▶ **About this task**
Repeat the stretch of entries below from the line with "(\<chi> \<sigma>. if" through the line with "weight, then x". Include both ends and add nothing.

━━━━━ Supplied information

(* Let $K$ be a real biquadratic field with $\operatorname{sgnrk}(K)\ge 3$, and let $K_i=\mathbb{Q}(\sqrt{D_i})$, $1\le i\le 3$, be its three quadratic subfields, with $D_i>1$ squarefree. Then for each $1\le i\le 3$ there exists a unit $\eta_i\in\mathcal{O}_K^\times$ with $\operatorname{sgn}(\eta_i)=\operatorname{sgn}(\sqrt{D_i})$.
   Context: A real biquadratic field is $K=\mathbb{Q}(\sqrt{D_1},\sqrt{D_2})$ of degree $4$ with $D_1,D_2>1$ squarefree integers. For $\alpha\in K^\times$, $\operatorname{sgn}(\alpha)\in\mathbb{F}_2^4$ records the signs of its four real embeddings ($0$ for positive, $1$ for negative). $\operatorname{sgnrk}(K)$ is the $\mathbb{F}_2$-dimension of the unit signature group $\{\operatorname{sgn}(\eta):\eta\in\mathcal{O}_K^\times\}$. *)

theory Defs
  imports "HOL-Analysis.Analysis" "HOL-Library.Z2" "HOL-Computational_Algebra.Squarefree"
begin

text \<open>The real biquadratic field K = Q(sqrt D1, sqrt D2) is represented concretely:
  an element is a quadruple (a,b,c,d) of rationals standing for
  a + b sqrt D1 + c sqrt D2 + d sqrt (D1 D2).  The four real embeddings are indexed
  by sigma = (e1,e2) :: bool * bool, sending sqrt D1 to -sqrt D1 iff e1 and
  sqrt D2 to -sqrt D2 iff e2.\<close>

definition real_biquadratic :: "int \<Rightarrow> int \<Rightarrow> bool" where
  "real_biquadratic D1 D2 \<longleftrightarrow> D1 > 1 \<and> D2 > 1 \<and> squarefree D1 \<and> squarefree D2 \<and> D1 \<noteq> D2"

definition bq_emb :: "int \<Rightarrow> int \<Rightarrow> bool \<times> bool \<Rightarrow> rat \<times> rat \<times> rat \<times> rat \<Rightarrow> real" where
  "bq_emb D1 D2 \<sigma> x = (case x of (a, b, c, d) \<Rightarrow>
     let s1 = (if fst \<sigma> then -1 else 1 :: real); s2 = (if snd \<sigma> then -1 else 1 :: real) in
     of_rat a + of_rat b * s1 * sqrt (of_int D1) + of_rat c * s2 * sqrt (of_int D2)
       + of_rat d * (s1 * s2) * sqrt (of_int (D1 * D2)))"

abbreviation bq_val :: "int \<Rightarrow> int \<Rightarrow> rat \<times> rat \<times> rat \<times> rat \<Rightarrow> real" where
  "bq_val D1 D2 \<equiv> bq_emb D1 D2 (False, False)"

definition bq_unit :: "int \<Rightarrow> int \<Rightarrow> rat \<times> rat \<times> rat \<times> rat \<Rightarrow> bool" where
  "bq_unit D1 D2 x \<longleftrightarrow> algebraic_int (bq_val D1 D2 x) \<and>
     (\<exists>y. algebraic_int (bq_val D1 D2 y) \<and> bq_val D1 D2 x * bq_val D1 D2 y = 1)"

definition bq_sgn :: "int \<Rightarrow> int \<Rightarrow> rat \<times> rat \<times> rat \<times> rat \<Rightarrow> bit ^ (bool \<times> bool)" where
  "bq_sgn D1 D2 x = (\<chi> \<sigma>. if bq_emb D1 D2 \<sigma> x < 0 then 1 else 0)"

definition sgnrk :: "int \<Rightarrow> int \<Rightarrow> nat" where
  "sgnrk D1 D2 = vec.dim (bq_sgn D1 D2 ` {x. bq_unit D1 D2 x})"

end

theory Submission
  imports Defs "Jordan_Normal_Form.Char_Poly"
begin

text \<open>The signatures of units form an F_2-subspace S of F_2^4 that contains (1,1,1,1) and,
  the four embeddings being permuted by the Galois group (Z/2)^2, is stable under translation
  by the group.  Since s^2 = D with sqrt D irrational while the trace of s is rational, exactly
  two conjugates of s are negative, so v = sgn s has weight 2.  If S contained a vector x of odd
  weight, then x + tau x would equal v or v + (1,1,1,1) for a suitable tau, putting v in S;
  otherwise S lies in the three-dimensional space of even vectors, which it fills because
  dim S >= 3.  That S is closed under addition rests on products of algebraic integers being
  algebraic integers, proved with Kronecker products of integer matrices.\<close>

section \<open>Products of algebraic integers\<close>

text \<open>Jordan_Normal_Form and Finite_Cartesian_Product both write vector indexing as $;
  the matrix reading is used in this section only.\<close>
no_notation Finite_Cartesian_Product.vec_nth (infixl "$" 90)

━━━━━━━━━━

▶ **Answer to the exercise**
  "bq_sgn D1 D2 x = (\<chi> \<sigma>. if bq_emb D1 D2 \<sigma> x < 0 then 1 else 0)"

definition sgnrk :: "int \<Rightarrow> int \<Rightarrow> nat" where
  "sgnrk D1 D2 = vec.dim (bq_sgn D1 D2 ` {x. bq_unit D1 D2 x})"

end

theory Submission
  imports Defs "Jordan_Normal_Form.Char_Poly"
begin

text \<open>The signatures of units form an F_2-subspace S of F_2^4 that contains (1,1,1,1) and,
  the four embeddings being permuted by the Galois group (Z/2)^2, is stable under translation
  by the group.  Since s^2 = D with sqrt D irrational while the trace of s is rational, exactly
  two conjugates of s are negative, so v = sgn s has weight 2.  If S contained a vector x of odd
  weight, then x + tau x would equal v or v + (1,1,1,1) for a suitable tau, putting v in S;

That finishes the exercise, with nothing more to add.